While Sino-American reconciliation talks unfolded after Kissinger's secret visit to China in 1971, two Koreas began to communicate with one another for the first time after the Korean War. Both sides shared the common interest in hedging a crisis in which the two superpower allies might abandon them. On the other hand, two Koreas consolidated an authoritarian system to protect their own internal system. In Chapters 3 and 4, it is shown that relations between North and South Korea underwent transformation from the previous mode of ‘confrontation without talks’ to that of ‘confrontation with talks.’ This adjustment took place as a response to the shock of Sino-American reconciliation talks. Chapter 5 details the development of mutual understanding on the vital issue of Korea as the United States and China forged strategic relations in particular to counter the Soviet Union. First of all, Washington and Beijing agreed on the role of the USFK and its gradual withdrawal. In the newly redefined role the USFK would act as a ‘stabilizer’ in Northeastern Asia including the Korean Peninsula. It was expected to maintain the balance of power, especially as a check against the potential expansionism of the Soviet Union and Japan. With China’s understanding of the USFK’s role and its continued deployment, the Nixon administration abandoned the plan of extending Nixon Doctrine to South Korea.

Secondly, the United States and China cooperated in settling the legitimacy issue related to the United Nations. Accordingly, the UNCURK was dissolved without fanfare at the 28th UN General Assembly. In brief, the course of the Korean Question, set jointly by the two powers in rapprochement, did not move toward dismantling the Korean divided system in favor of unification. Instead, it aimed at no other than the stabilization of the ‘two legitimate government’ based on the premise of Sino-American engagement in the Korean Question.

These arrangements made during Sino-American secret talks, however, gave rise to differences in the concepts of détente and security between a pair of allies in each camp as well as between two Koreas.

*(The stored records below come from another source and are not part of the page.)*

lemma qHermite_gaussian_transform:
  fixes v \<kappa> y r :: real and b w :: complex
  assumes v: "v > 0"
  shows "(LINT x|lborel. qHermite n (b * exp (\<i> * complex_of_real (\<kappa> * x))) w r
                         * exp (\<i> * complex_of_real (x * y) - complex_of_real (x\<^sup>2 / (2 * v))))
         = (\<Sum>k\<le>n div 2. complex_of_real (hcoef r n k) * w ^ k * b ^ (n - 2 * k)
              * complex_of_real (sqrt (2 * pi * v) * exp (- v * (real (n - 2 * k) * \<kappa> + y)\<^sup>2 / 2)))"
proof -
  let ?chirp = "\<lambda>k. gauss_chirp v (real (n - 2 * k) * \<kappa> + y)"
  have "qHermite n (b * exp (\<i> * complex_of_real (\<kappa> * x))) w r
          * exp (\<i> * complex_of_real (x * y) - complex_of_real (x\<^sup>2 / (2 * v)))
        = (\<Sum>k\<le>n div 2. complex_of_real (hcoef r n k) * w ^ k * b ^ (n - 2 * k) * ?chirp k x)" for x
    unfolding qHermite_def sum_distrib_right
    by (intro sum.cong refl) (simp only: mult.assoc character_times_gauss_chirp)
  then show ?thesis
    using gauss_chirp_integral[OF v]
    by (simp add: Bochner_Integration.integral_sum integral_mult_right_zero)
qed

theorem mainTheorem11:
  fixes s \<kappa> y :: real and b :: complex and n :: nat
  assumes "s > 0" and "\<kappa> > 0"
  defines "q \<equiv> exp (- 2 * s * \<kappa>\<^sup>2)"
  shows "complex_of_real (1 / sqrt (2 * pi * s)) *
           (LINT x|lborel. qHermite n (b * exp (\<i> * complex_of_real (\<kappa> * x))) (complex_of_real s) q
                           * exp (\<i> * complex_of_real (x * y) - complex_of_real (x\<^sup>2 / (2 * s))))
         = complex_of_real (q powr (real n ^ 2 / 4))
           * qHermite n (b * complex_of_real (exp (- s * \<kappa> * y))) (complex_of_real (q powr (real n - 3) * s)) (1 / q)
           * complex_of_real (exp (- s * y\<^sup>2 / 2))"
proof -
  let ?E = "\<lambda>k. exp (- s * (real (n - 2 * k) * \<kappa> + y)\<^sup>2 / 2)"
  let ?c = "complex_of_real"
  have sqrt_pos: "sqrt (2 * pi * s) > 0" using assms(1) by simp
  have reflect: "hcoef q n k * ?E k
           = q powr (real n ^ 2 / 4) * hcoef (1/q) n k * (q powr (real n - 3)) ^ k
             * exp (- s * \<kappa> * y) ^ (n - 2 * k) * exp (- s * y\<^sup>2 / 2)" if "k \<in> {..n div 2}" for k
    unfolding q_def by (rule hermite_term_reflection) (use assms that in auto)
  have "?c (1 / sqrt (2 * pi * s)) *
          (LINT x|lborel. qHermite n (b * exp (\<i> * ?c (\<kappa> * x))) (?c s) q
                          * exp (\<i> * ?c (x * y) - ?c (x\<^sup>2 / (2 * s))))
        = (\<Sum>k\<le>n div 2. ?c s ^ k * b ^ (n - 2 * k) * ?c (hcoef q n k * ?E k))"
    unfolding qHermite_gaussian_transform[OF assms(1)] sum_distrib_left
    using sqrt_pos assms(1) by (intro sum.cong refl) (simp add: field_simps)
  also have "\<dots> = (\<Sum>k\<le>n div 2. ?c s ^ k * b ^ (n - 2 * k)
                     * ?c (q powr (real n ^ 2 / 4) * hcoef (1/q) n k * (q powr (real n - 3)) ^ k
                           * exp (- s * \<kappa> * y) ^ (n - 2 * k) * exp (- s * y\<^sup>2 / 2)))"
    by (intro sum.cong refl) (simp only: reflect)
  also have "\<dots> = ?c (q powr (real n ^ 2 / 4))
           * qHermite n (b * ?c (exp (- s * \<kappa> * y))) (?c (q powr (real n - 3) * s)) (1 / q)
           * ?c (exp (- s * y\<^sup>2 / 2))"
    unfolding qHermite_def sum_distrib_left sum_distrib_right
    by (intro sum.cong refl) (simp add: power_mult_distrib mult_ac)
  finally show ?thesis .
qed

end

As described in Chapter 6, North Korea in particular opposed the continued deployment of the USFK and demanded the conclusion of a peace treaty with the United States in 1974 as a move to undermine South Korea's legitimacy. And worse yet, Washington and Beijing gave priority to maintaining alliance rather than collectively exerting influence over Korean problems. After all, both of them confronted one another at the UN General Assembly of 1974 and 1975, which led to the simultaneous adoption of two contradictory resolutions.

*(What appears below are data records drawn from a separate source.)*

lemma gate2_conj_two_qubit_projector:
  fixes M N E k :: nat and U :: "complex mat"
  assumes k: "k = M + 1 + N + 1 + E"
  defines "G \<equiv> gate2 U k (M + 1) (M + 1 + Suc N)"
  shows "dag G * kron (kron (kron (kron (Id M) P1) (Id N)) P1) (Id E) * G
    = kron (kron (Id M) (Lambda U (Suc N))) (Id E)"
    (is "dag G * ?P * G = ?K")
proof -
  have dims: "(2::nat)^k = 2^M * 2 * 2^N * 2 * 2^E" "(2::nat)^k = 2^M * 2^(N + 2) * 2^E"
    unfolding k by (simp_all add: power_add)
  have G: "G \<in> carrier_mat (2^k) (2^k)" unfolding G_def by (rule gate2_carrier_mat)
  have P: "?P \<in> carrier_mat (2^k) (2^k)" unfolding dims(1) by (rule two_qubit_projector_carrier_mat)
  have K: "?K \<in> carrier_mat (2^k) (2^k)"
    unfolding dims(2) by (intro kron_carrier_mat Id_carrier_mat Lambda_carrier_mat)
  have positions: "k - (M + 1 + Suc N) = E" "k - (M + 1) = E + 1 + N" using k by simp_all
  have G_entry: "G $$ (z,w) = (if bits_agree_except E (E + 1 + N) z w
      then U $$ (pair_index (E + 1 + N) E z, pair_index (E + 1 + N) E w) else 0)"
    if "z < 2^k" "w < 2^k" for z w
    using index_gate2[of "M + 1" k "M + 1 + Suc N" z w U] that k unfolding G_def positions by simp
  have P_entry: "?P $$ (i,j) = of_bool (i = j \<and> bit i E \<and> bit i (E + 1 + N))"
    if "i < 2^k" "j < 2^k" for i j
    using that unfolding dims(1) by (rule index_two_qubit_projector)
  show ?thesis
  proof (rule eq_matI)
    fix y x assume "y < dim_row ?K" "x < dim_col ?K"
    then have yx: "y < 2^k" "x < 2^k" using K by auto
    have st: "E < k" "E + 1 + N < k" using k by simp_all
    show "(dag G * ?P * G) $$ (y,x) = ?K $$ (y,x)"
      using index_dag_mult_projector_mult[OF G P G_entry P_entry st yx]
        index_embedded_Lambda[OF yx[unfolded dims(2)]] by simp
  qed (use G P K dag_carrier_mat[OF G] in auto)
qed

But the character of the confrontation structure by then had fundamentally changed from that before Sino-American rapprochement. While the United States and China stood on the opposite side over the Korean problems, both still forged the common understanding of the USFK’ role as a stabilizer. Besides, they sought to share the strategic interest of maintaining the present cease-fire system in the Korean Peninsula. It can be said that the approval of two contradictory resolutions at the UN General Assembly in 1975 represented a kind of compromise between the United States and China. The logical result was the recognition of ‘two antagonistic legal governments’ in the Korean Peninsula and the eternal freeze of USFK and UNC issues.

This outcome points to the formation of a new risk management system. We might be able to call this system Sino-American Concert of the Korean Peninsula, evolving around a peculiar dynamism of ‘adequate cooperation and check’ between the United States and China. This suggests that the Korean Question would be continuously contained within the frame of the strategic interest of Washington and Beijing. Two Koreas, which had been devoting themselves to an antagonistic confrontation to deny even the existence of the opponent, accepted the coexistence of both sides in response to the structural changes and developed a competitive relationship as a realistic strategy. The Korean divided system, which was restructured through the ‘three storylines’—détente between Washington and Beijing and between Seoul and Pyongyang as well as ‘behind-the-scenes’ Sino-American negotiations regarding the Korean Question—has been maintaining its basic frame while containing new unstable factors after the end of the Cold War.